> [Brief] For this exercise, please reproduce the records below word for word, from the first line through the line with "unfolding W_def by (rule".

> [Given entries]
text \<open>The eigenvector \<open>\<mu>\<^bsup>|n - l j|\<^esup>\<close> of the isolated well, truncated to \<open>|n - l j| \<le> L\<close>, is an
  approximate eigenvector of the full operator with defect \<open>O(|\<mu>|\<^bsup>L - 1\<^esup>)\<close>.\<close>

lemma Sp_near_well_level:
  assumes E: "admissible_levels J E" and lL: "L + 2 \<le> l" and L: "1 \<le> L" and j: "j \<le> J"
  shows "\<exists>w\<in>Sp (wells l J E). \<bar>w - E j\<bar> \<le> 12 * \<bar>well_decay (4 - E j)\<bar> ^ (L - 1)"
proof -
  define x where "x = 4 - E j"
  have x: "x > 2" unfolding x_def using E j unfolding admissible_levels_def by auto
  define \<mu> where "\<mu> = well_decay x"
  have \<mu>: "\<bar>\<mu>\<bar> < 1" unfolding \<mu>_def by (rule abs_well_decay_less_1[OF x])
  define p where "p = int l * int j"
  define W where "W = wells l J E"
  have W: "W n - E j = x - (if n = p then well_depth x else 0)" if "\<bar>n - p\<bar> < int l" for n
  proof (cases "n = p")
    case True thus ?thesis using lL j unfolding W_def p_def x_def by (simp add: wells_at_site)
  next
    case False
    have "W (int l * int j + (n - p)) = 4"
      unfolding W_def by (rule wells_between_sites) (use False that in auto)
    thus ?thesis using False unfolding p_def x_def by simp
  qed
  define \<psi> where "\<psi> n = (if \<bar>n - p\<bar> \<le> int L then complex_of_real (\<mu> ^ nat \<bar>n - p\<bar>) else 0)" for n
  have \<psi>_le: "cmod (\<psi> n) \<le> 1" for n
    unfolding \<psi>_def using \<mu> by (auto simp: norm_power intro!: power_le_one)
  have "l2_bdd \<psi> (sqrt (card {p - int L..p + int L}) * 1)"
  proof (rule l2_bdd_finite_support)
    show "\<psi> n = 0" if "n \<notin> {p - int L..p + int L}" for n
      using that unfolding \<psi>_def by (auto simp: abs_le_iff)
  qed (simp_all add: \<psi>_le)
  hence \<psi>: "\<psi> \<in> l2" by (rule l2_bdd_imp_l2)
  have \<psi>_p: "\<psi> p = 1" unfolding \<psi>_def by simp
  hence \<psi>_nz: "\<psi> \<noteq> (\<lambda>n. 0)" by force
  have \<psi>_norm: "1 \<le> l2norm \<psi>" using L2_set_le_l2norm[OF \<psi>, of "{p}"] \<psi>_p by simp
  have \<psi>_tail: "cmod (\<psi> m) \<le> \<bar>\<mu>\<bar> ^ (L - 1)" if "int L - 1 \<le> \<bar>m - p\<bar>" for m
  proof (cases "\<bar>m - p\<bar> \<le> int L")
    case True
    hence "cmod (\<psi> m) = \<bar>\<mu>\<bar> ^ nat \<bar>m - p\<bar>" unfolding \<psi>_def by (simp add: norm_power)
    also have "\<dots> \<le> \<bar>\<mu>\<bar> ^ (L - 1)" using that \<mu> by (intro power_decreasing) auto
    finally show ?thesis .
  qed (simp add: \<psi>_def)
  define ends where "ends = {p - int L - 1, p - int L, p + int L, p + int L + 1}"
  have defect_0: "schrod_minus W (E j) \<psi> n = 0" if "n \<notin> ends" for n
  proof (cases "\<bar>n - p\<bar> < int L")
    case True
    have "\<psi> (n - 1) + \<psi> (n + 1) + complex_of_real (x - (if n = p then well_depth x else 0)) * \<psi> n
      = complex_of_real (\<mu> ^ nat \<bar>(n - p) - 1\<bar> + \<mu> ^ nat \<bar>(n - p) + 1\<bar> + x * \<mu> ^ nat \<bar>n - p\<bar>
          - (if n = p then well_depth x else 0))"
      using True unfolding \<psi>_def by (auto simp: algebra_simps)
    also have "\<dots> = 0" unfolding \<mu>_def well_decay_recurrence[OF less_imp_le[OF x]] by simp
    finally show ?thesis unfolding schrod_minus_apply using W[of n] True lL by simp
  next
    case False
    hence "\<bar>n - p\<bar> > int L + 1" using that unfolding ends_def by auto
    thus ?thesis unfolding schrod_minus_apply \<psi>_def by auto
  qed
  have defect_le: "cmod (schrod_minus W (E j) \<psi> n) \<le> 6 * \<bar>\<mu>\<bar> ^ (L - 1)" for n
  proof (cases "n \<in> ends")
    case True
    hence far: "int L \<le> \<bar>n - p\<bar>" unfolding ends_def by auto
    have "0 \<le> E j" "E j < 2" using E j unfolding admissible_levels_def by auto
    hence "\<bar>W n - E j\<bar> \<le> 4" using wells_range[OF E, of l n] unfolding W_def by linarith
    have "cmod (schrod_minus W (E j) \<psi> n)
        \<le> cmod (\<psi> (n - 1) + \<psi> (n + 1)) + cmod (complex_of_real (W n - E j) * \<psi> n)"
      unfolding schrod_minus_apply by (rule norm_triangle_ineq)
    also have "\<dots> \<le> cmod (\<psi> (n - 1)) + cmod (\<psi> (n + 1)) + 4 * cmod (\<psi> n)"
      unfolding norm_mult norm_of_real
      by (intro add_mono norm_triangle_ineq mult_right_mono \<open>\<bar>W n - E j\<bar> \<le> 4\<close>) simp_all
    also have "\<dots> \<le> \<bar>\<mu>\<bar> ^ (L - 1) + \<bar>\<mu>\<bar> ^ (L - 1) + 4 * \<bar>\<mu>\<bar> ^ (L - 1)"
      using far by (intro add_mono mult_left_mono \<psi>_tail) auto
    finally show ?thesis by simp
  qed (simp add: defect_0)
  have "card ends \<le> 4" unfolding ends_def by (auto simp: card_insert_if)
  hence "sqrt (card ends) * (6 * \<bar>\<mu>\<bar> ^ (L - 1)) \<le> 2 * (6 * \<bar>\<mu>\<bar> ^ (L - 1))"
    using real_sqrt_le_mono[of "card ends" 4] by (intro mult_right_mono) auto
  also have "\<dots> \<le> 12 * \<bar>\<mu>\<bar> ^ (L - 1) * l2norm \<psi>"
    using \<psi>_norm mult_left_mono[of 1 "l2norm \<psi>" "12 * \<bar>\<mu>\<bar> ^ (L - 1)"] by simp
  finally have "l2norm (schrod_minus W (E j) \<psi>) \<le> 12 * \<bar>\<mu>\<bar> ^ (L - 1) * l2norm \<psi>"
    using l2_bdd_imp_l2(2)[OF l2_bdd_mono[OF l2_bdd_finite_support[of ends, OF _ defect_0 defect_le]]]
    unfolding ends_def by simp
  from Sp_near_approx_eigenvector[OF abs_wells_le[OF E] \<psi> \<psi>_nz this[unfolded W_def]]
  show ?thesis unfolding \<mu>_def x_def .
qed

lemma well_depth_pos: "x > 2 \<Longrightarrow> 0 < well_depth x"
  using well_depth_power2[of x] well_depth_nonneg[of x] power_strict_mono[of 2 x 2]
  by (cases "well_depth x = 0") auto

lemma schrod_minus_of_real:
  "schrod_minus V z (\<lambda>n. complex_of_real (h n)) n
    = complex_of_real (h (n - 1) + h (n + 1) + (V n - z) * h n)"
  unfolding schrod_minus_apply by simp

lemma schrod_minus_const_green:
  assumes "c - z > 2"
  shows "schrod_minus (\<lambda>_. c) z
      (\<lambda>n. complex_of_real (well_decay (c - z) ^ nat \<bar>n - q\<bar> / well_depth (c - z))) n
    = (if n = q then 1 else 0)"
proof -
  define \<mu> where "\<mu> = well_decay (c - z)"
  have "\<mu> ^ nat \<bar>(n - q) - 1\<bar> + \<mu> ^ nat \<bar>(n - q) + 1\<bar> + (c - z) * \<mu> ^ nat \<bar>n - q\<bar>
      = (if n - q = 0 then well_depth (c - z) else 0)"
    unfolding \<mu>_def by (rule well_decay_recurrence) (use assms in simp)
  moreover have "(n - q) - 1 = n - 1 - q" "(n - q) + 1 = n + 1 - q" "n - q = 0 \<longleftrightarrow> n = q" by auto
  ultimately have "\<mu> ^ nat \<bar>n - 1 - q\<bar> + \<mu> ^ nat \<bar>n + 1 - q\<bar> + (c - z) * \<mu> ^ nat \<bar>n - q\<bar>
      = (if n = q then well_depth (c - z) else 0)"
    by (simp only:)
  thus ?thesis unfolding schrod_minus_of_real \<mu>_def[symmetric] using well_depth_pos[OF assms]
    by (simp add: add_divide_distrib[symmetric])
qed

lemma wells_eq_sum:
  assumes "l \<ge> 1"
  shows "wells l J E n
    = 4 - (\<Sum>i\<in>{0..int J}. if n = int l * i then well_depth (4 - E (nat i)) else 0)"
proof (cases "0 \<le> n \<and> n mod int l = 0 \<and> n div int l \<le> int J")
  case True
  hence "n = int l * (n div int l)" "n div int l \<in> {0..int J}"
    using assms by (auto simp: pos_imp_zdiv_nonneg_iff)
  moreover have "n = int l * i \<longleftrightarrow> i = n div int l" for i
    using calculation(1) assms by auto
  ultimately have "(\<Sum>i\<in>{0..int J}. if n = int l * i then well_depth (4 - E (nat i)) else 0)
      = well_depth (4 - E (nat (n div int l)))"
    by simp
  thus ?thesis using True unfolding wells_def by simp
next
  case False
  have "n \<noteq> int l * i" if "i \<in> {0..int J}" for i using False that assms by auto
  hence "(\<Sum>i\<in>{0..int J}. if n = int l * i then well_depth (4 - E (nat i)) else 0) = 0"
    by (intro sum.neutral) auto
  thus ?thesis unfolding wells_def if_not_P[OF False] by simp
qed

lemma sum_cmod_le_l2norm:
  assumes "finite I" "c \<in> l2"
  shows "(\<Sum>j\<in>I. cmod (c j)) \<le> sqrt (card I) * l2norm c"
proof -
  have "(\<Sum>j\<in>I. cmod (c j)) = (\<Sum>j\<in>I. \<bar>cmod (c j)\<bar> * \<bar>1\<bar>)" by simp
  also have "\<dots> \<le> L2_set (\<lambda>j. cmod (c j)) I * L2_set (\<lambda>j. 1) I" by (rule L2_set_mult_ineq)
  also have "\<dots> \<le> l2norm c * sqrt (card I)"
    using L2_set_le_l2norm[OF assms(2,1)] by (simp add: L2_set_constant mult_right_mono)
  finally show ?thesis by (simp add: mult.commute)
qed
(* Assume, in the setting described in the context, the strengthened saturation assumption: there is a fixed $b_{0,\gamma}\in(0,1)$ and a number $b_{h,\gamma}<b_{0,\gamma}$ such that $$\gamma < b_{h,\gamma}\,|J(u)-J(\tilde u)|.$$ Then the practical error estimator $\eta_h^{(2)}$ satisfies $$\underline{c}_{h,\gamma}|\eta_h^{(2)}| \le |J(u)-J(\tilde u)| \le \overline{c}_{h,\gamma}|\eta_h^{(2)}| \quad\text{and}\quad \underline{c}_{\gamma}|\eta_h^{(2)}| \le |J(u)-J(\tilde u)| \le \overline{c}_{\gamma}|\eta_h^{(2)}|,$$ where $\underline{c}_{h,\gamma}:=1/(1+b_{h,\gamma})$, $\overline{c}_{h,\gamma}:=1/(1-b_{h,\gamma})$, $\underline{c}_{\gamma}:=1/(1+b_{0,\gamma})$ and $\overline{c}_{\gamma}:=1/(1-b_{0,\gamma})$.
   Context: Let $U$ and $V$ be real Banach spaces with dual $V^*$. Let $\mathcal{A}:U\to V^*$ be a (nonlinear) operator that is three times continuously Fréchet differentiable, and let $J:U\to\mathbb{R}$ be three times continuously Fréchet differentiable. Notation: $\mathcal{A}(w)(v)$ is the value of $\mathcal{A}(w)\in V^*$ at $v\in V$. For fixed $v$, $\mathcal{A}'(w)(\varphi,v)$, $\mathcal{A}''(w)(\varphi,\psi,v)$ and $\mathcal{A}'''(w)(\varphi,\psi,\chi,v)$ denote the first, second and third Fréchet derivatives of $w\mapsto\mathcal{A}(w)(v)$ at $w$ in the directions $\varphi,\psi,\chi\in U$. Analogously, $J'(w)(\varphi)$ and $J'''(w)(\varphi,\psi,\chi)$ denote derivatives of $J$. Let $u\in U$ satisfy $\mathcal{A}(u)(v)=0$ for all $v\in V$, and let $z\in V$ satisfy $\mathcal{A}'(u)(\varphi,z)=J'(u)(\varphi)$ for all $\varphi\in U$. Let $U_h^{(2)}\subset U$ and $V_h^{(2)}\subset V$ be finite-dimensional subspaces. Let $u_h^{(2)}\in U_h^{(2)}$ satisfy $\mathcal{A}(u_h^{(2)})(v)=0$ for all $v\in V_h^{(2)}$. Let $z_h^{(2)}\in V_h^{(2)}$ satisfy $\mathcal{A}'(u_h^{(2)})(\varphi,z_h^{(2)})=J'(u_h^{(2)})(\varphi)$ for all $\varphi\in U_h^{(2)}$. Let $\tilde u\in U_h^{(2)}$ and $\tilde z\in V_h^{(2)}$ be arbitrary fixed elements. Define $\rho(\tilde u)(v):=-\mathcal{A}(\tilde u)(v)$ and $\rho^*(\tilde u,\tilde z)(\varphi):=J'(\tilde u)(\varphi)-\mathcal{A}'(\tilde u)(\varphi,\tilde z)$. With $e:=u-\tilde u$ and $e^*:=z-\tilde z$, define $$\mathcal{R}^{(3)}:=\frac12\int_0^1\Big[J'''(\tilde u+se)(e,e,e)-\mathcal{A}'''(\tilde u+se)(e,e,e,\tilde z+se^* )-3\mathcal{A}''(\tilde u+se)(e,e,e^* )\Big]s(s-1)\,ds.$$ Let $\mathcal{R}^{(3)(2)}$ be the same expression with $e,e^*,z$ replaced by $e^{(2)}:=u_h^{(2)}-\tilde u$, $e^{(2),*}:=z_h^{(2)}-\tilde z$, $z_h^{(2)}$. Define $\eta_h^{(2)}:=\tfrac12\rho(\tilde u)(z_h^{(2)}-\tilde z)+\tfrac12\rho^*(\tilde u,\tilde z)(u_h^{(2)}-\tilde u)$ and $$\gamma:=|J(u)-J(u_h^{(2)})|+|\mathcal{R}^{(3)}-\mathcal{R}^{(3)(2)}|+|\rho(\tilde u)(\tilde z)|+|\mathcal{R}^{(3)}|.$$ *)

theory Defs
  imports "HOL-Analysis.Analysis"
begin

> [Task output]
text \<open>The eigenvector \<open>\<mu>\<^bsup>|n - l j|\<^esup>\<close> of the isolated well, truncated to \<open>|n - l j| \<le> L\<close>, is an
  approximate eigenvector of the full operator with defect \<open>O(|\<mu>|\<^bsup>L - 1\<^esup>)\<close>.\<close>

lemma Sp_near_well_level:
  assumes E: "admissible_levels J E" and lL: "L + 2 \<le> l" and L: "1 \<le> L" and j: "j \<le> J"
  shows "\<exists>w\<in>Sp (wells l J E). \<bar>w - E j\<bar> \<le> 12 * \<bar>well_decay (4 - E j)\<bar> ^ (L - 1)"
proof -
  define x where "x = 4 - E j"
  have x: "x > 2" unfolding x_def using E j unfolding admissible_levels_def by auto
  define \<mu> where "\<mu> = well_decay x"
  have \<mu>: "\<bar>\<mu>\<bar> < 1" unfolding \<mu>_def by (rule abs_well_decay_less_1[OF x])
  define p where "p = int l * int j"
  define W where "W = wells l J E"
  have W: "W n - E j = x - (if n = p then well_depth x else 0)" if "\<bar>n - p\<bar> < int l" for n
  proof (cases "n = p")
    case True thus ?thesis using lL j unfolding W_def p_def x_def by (simp add: wells_at_site)
  next
    case False
    have "W (int l * int j + (n - p)) = 4"
      unfolding W_def by (rule wells_between_sites) (use False that in auto)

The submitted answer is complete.